Walk into any beauty aisle in Dhaka — or scroll through TikTok for ten minutes — and you will hear the same advice repeated a hundred times:
use this serum, try this toner, layer these three creams
. Almost none of it tells you the one thing that decides whether any of those products will actually help you. Before you buy a single new product, you need to know
how to identify your skin type
— because the same niacinamide serum that transforms an oily forehead can leave dry cheeks tight and flaky, and the same rich cream that saves dry skin in December can trigger a wave of breakouts in July.
This guide walks you through a complete, dermatologist-informed skin type test you can do at home in under thirty minutes, with nothing but a clean face, a mirror, and a small piece of tissue paper.
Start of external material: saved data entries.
lemma sum_exp_neg_power_le:
  fixes x :: real
  assumes "x > 0"
  shows "(\<Sum>j<T. exp (- x)^j) \<le> (1 + x) / x"
proof -
  have e: "exp (- x) \<le> 1 / (1 + x)"
    using exp_ge_add_one_self[of x] assms by (simp add: exp_minus inverse_eq_divide divide_left_mono)
  then have gap: "x / (1 + x) \<le> 1 - exp (- x)"
    using assms by (simp add: field_simps)
  have "(\<Sum>j<T. exp (- x)^j) = (1 - exp (- x)^T) / (1 - exp (- x))"
    using assms by (simp add: sum_gp_strict)
  also have "\<dots> \<le> 1 / (1 - exp (- x))"
    using assms by (intro divide_right_mono) auto
  also have "\<dots> \<le> 1 / (x / (1 + x))"
    using gap assms by (intro divide_left_mono) auto
  finally show ?thesis by simp
qed

lemma sum_exp_neg_one_minus_power_le:
  fixes L \<nu> :: real
  assumes L: "0 < L" and \<nu>: "0 < \<nu>" "\<nu> \<le> 1"
  shows "(\<Sum>j<T. exp (- L * (1 - (1 - \<nu>)^j))) \<le> 2 / (L * \<nu>) + 1 + real T * exp (- (L / 2))"
proof -
  define x where "x = L * \<nu> / 2"
  have x: "0 < x"
    unfolding x_def using L \<nu> by simp
  have "(\<Sum>j<T. exp (- L * (1 - (1 - \<nu>)^j))) \<le> (\<Sum>j<T. exp (- x)^j + exp (- (L / 2)))"
    unfolding x_def using L \<nu> by (intro sum_mono exp_neg_one_minus_power_le) auto
  also have "\<dots> = (\<Sum>j<T. exp (- x)^j) + real T * exp (- (L / 2))"
    by (simp add: sum.distrib)
  also have "\<dots> \<le> (1 + x) / x + real T * exp (- (L / 2))"
    using sum_exp_neg_power_le[OF x] by simp
  also have "(1 + x) / x = 2 / (L * \<nu>) + 1"
    unfolding x_def using L \<nu> by (simp add: field_simps)
  finally show ?thesis .
qed

lemma mult_exp_neg_quarter_le:
  fixes s :: real
  assumes "s \<ge> 400"
  shows "s * exp (- (s / 4)) \<le> 1 / 90"
proof -
  have "s / 12 \<le> exp (s / 12)"
    using exp_ge_add_one_self[of "s / 12"] by linarith
  then have "(s / 12)^3 \<le> exp (s / 12)^3"
    using assms by (intro power_mono) auto
  also have "\<dots> = exp (s / 4)"
    by (simp add: exp_of_nat_mult[symmetric])
  finally have cube: "(s / 12)^3 \<le> exp (s / 4)" .
  have "s * exp (- (s / 4)) = s / exp (s / 4)"
    by (simp add: exp_minus field_simps)
  also have "\<dots> \<le> s / (s / 12)^3"
    using cube assms by (intro divide_left_mono) auto
  also have "\<dots> = 1728 / s^2"
    using assms by (simp add: field_simps power3_eq_cube power2_eq_square)
  also have "\<dots> \<le> 1728 / 400^2"
    using assms by (intro divide_left_mono power_mono) auto
  finally show ?thesis by simp
qed

lemma large_base_power_le:
  fixes b T :: nat
  assumes lnb: "ln (real b) \<ge> 400" and T: "real T \<ge> 4 * (real b + 1) * ln (real b)"
  shows "real b * (real b / (real b + 1))^T \<le> 1 / 100"
proof -
  define s where "s = ln (real b)"
  define \<nu> where "\<nu> = 1 / (real b + 1)"
  have b_pos: "real b > 0" using lnb by (cases "b = 0") auto
  have \<nu>: "0 < \<nu>" "\<nu> \<le> 1" "real b / (real b + 1) = 1 - \<nu>"
    unfolding \<nu>_def using b_pos by (auto simp: field_simps)
  have "4 * s = \<nu> * (4 * (real b + 1) * s)"
    unfolding \<nu>_def by (simp add: field_simps)
  also have "\<dots> \<le> \<nu> * real T"
    using T \<nu> unfolding s_def by (intro mult_left_mono) auto
  finally have decay: "4 * s \<le> \<nu> * real T" .
  have "(1 - \<nu>)^T \<le> exp (- \<nu>)^T"
    using exp_ge_add_one_self[of "- \<nu>"] \<nu> by (intro power_mono) auto
  also have "\<dots> = exp (- (\<nu> * real T))"
    by (simp add: exp_of_nat_mult[symmetric] algebra_simps)
  also have "\<dots> \<le> exp (- (4 * s))"
    using decay by simp
  finally have "(1 - \<nu>)^T \<le> exp (- (4 * s))" .
  then have "real b * (1 - \<nu>)^T \<le> exp s * exp (- (4 * s))"
    using b_pos unfolding s_def by (simp add: mult_left_mono)
  also have "\<dots> = exp (- (3 * s))"
    by (simp add: exp_add[symmetric])
  also have "\<dots> \<le> 1 / (1 + 3 * s)"
  proof -
    have "1 / exp (3 * s) \<le> 1 / (1 + 3 * s)"
      using exp_ge_add_one_self[of "3 * s"] lnb unfolding s_def by (intro divide_left_mono) auto
    then show ?thesis by (simp add: exp_minus inverse_eq_divide)
  qed
  also have "\<dots> \<le> 1 / 100"
    using lnb unfolding s_def by (simp add: field_simps)
  finally show ?thesis unfolding \<nu> .
qed

lemma large_base_exp_sum_le:
  fixes b k T :: nat
  assumes lnb: "ln (real b) \<ge> 400" and k: "k \<ge> 2" and kb: "real k * ln (real b) \<le> real b"
    and T: "real T \<le> 4 * (real b + 1) * ln (real b) + 1"
  shows "(\<Sum>j<T. exp (- (real b / (2 * (real k - 1))) * (1 - (real b / (real b + 1))^j)))
           / (real b + 1) \<le> 1 / 10"
proof -
  define s where "s = ln (real b)"
  define \<nu> where "\<nu> = 1 / (real b + 1)"
  define L where "L = real b / (2 * (real k - 1))"
  have b_pos: "real b > 0" using lnb by (cases "b = 0") auto
  have \<nu>: "0 < \<nu>" "\<nu> \<le> 1" "real b / (real b + 1) = 1 - \<nu>"
    unfolding \<nu>_def using b_pos by (auto simp: field_simps)
  have "(real k - 1) * s \<le> real b"
    using kb lnb unfolding s_def by (simp add: algebra_simps)
  then have Ls: "s / 2 \<le> L"
    unfolding L_def using k by (simp add: field_simps)
  then have L_pos: "L > 0"
    using lnb unfolding s_def by simp
  have "2 / L \<le> 1 / 100"
    using Ls lnb L_pos unfolding s_def by (simp add: field_simps)
  moreover have "\<nu> \<le> 1 / 100"
  proof -
    have "real b \<ge> 1 + s"
      using exp_ge_add_one_self[of s] b_pos unfolding s_def by simp
    then show ?thesis
      using lnb unfolding \<nu>_def s_def by (simp add: field_simps)
  qed
  moreover have "\<nu> * real T * exp (- (L / 2)) \<le> 5 / 90"
  proof -
    have "\<nu> * real T \<le> \<nu> * (4 * (real b + 1) * s + 1)"
      using T \<nu> unfolding s_def by (intro mult_left_mono) auto
    also have "\<dots> = 4 * s + \<nu>"
      unfolding \<nu>_def by (simp add: field_simps)
    finally have time: "\<nu> * real T \<le> 5 * s"
      using \<nu> lnb unfolding s_def by simp
    have tail: "exp (- (L / 2)) \<le> exp (- (s / 4))"
      using Ls by simp
    have "\<nu> * real T * exp (- (L / 2)) \<le> (5 * s) * exp (- (s / 4))"
      by (rule mult_mono[OF time tail]) (use lnb in \<open>auto simp: s_def\<close>)
    then show ?thesis
      using mult_exp_neg_quarter_le[of s] lnb unfolding s_def by simp
  qed
  moreover have "\<nu> * (2 / (L * \<nu>) + 1 + real T * exp (- (L / 2))) = 2 / L + \<nu> + \<nu> * real T * exp (- (L / 2))"
    using \<nu> L_pos by (simp add: field_simps)
  ultimately have "\<nu> * (\<Sum>j<T. exp (- L * (1 - (1 - \<nu>)^j))) \<le> 1 / 10"
    using mult_left_mono[OF sum_exp_neg_one_minus_power_le[OF L_pos \<nu>(1,2)], of \<nu> T] \<nu> by linarith
  then show ?thesis
    unfolding \<nu> L_def \<nu>_def by (simp add: field_simps)
qed

section \<open>Supersolutions of the shared-leaf recursion\<close>

lemma power_add_ge_linear:
  fixes \<beta> h :: real
  assumes "0 \<le> \<beta>" "0 \<le> h"
  shows "\<beta>^Suc w + real (Suc w) * \<beta>^w * h \<le> (\<beta> + h)^Suc w"
proof (induction w)
  case 0 then show ?case by simp
next
  case (Suc w)
  have "\<beta>^Suc (Suc w) + real (Suc (Suc w)) * \<beta>^Suc w * h
      \<le> (\<beta> + h) * (\<beta>^Suc w + real (Suc w) * \<beta>^w * h)"
    using assms by (simp add: algebra_simps)
  also have "\<dots> \<le> (\<beta> + h) * (\<beta> + h)^Suc w"
    using Suc assms by (intro mult_left_mono) auto
  finally show ?case by simp
qed

text \<open>The expectation of f after one step of the number u of leaves coloured c in both chains,
  for a colour c other than the root's: the uniform vertex is the root (no change), a leaf of
  the set (it keeps c with chance 1/(k-1)) or another leaf (it takes c with chance 1/(k-1)).\<close>
definition shared_count_step :: "nat \<Rightarrow> nat \<Rightarrow> (nat \<Rightarrow> real) \<Rightarrow> nat \<Rightarrow> real" where
  "shared_count_step b k f u =
     (f u + real u * ((1 / (real k - 1)) * f u + (1 - 1 / (real k - 1)) * f (u - 1))
      + (real b - real u) * ((1 / (real k - 1)) * f (Suc u) + (1 - 1 / (real k - 1)) * f u))
     / (real b + 1)"

definition risk_term :: "nat \<Rightarrow> nat \<Rightarrow> nat \<Rightarrow> nat \<Rightarrow> real" where
  "risk_term b k j u =
     exp (- (real b / (2 * (real k - 1))) * (1 - (real b / (real b + 1))^j))
     * (1 - (real b / (real b + 1))^j / 2)^u"

text \<open>By root_risk_step, root_risk b k n u bounds the chance that, starting from u leaves
  coloured c in both chains, the root is updated within n steps at a moment when that number is 0.\<close>
definition root_risk :: "nat \<Rightarrow> nat \<Rightarrow> nat \<Rightarrow> nat \<Rightarrow> real" where
  "root_risk b k n u = (\<Sum>j<n. risk_term b k j u) / (real b + 1)"

lemma base_power_le_one: "(real b / (real b + 1))^j \<le> 1"
  by (simp add: power_le_one)

lemma risk_term_nonneg: "0 \<le> risk_term b k j u"
  unfolding risk_term_def using base_power_le_one[of b j] by simp

lemma risk_term_le_exp:
  "risk_term b k j u \<le> exp (- (real b / (2 * (real k - 1))) * (1 - (real b / (real b + 1))^j))"
  unfolding risk_term_def using base_power_le_one[of b j]
  by (intro mult_left_le) (auto intro!: power_le_one)

lemma root_risk_nonneg: "0 \<le> root_risk b k n u"
  unfolding root_risk_def by (intro divide_nonneg_nonneg sum_nonneg risk_term_nonneg) auto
You will learn the five recognized skin types, the simple signs that distinguish oily, dry, combination, normal and sensitive skin, and how Bangladesh's climate quietly changes the answer across seasons. By the end, you will know exactly which Labisha products are worth your money — and which ones to skip.
The 5 Skin Types, Briefly Defined
Modern dermatology recognizes four primary skin types, with sensitivity treated as a fifth layer that can overlap any of them. Understanding these definitions makes the at-home skin type test much faster and more accurate.
Oily skin produces excess sebum across the entire face. It tends to look shiny within a few hours of cleansing, feels slick to the touch, and is the type most prone to enlarged pores, blackheads and breakouts. According to a 2017 review in the Journal of Clinical and Aesthetic Dermatology, sebum production is partly genetic and partly hormonal — which is why oily skin often runs in families and tends to peak in the teens and twenties.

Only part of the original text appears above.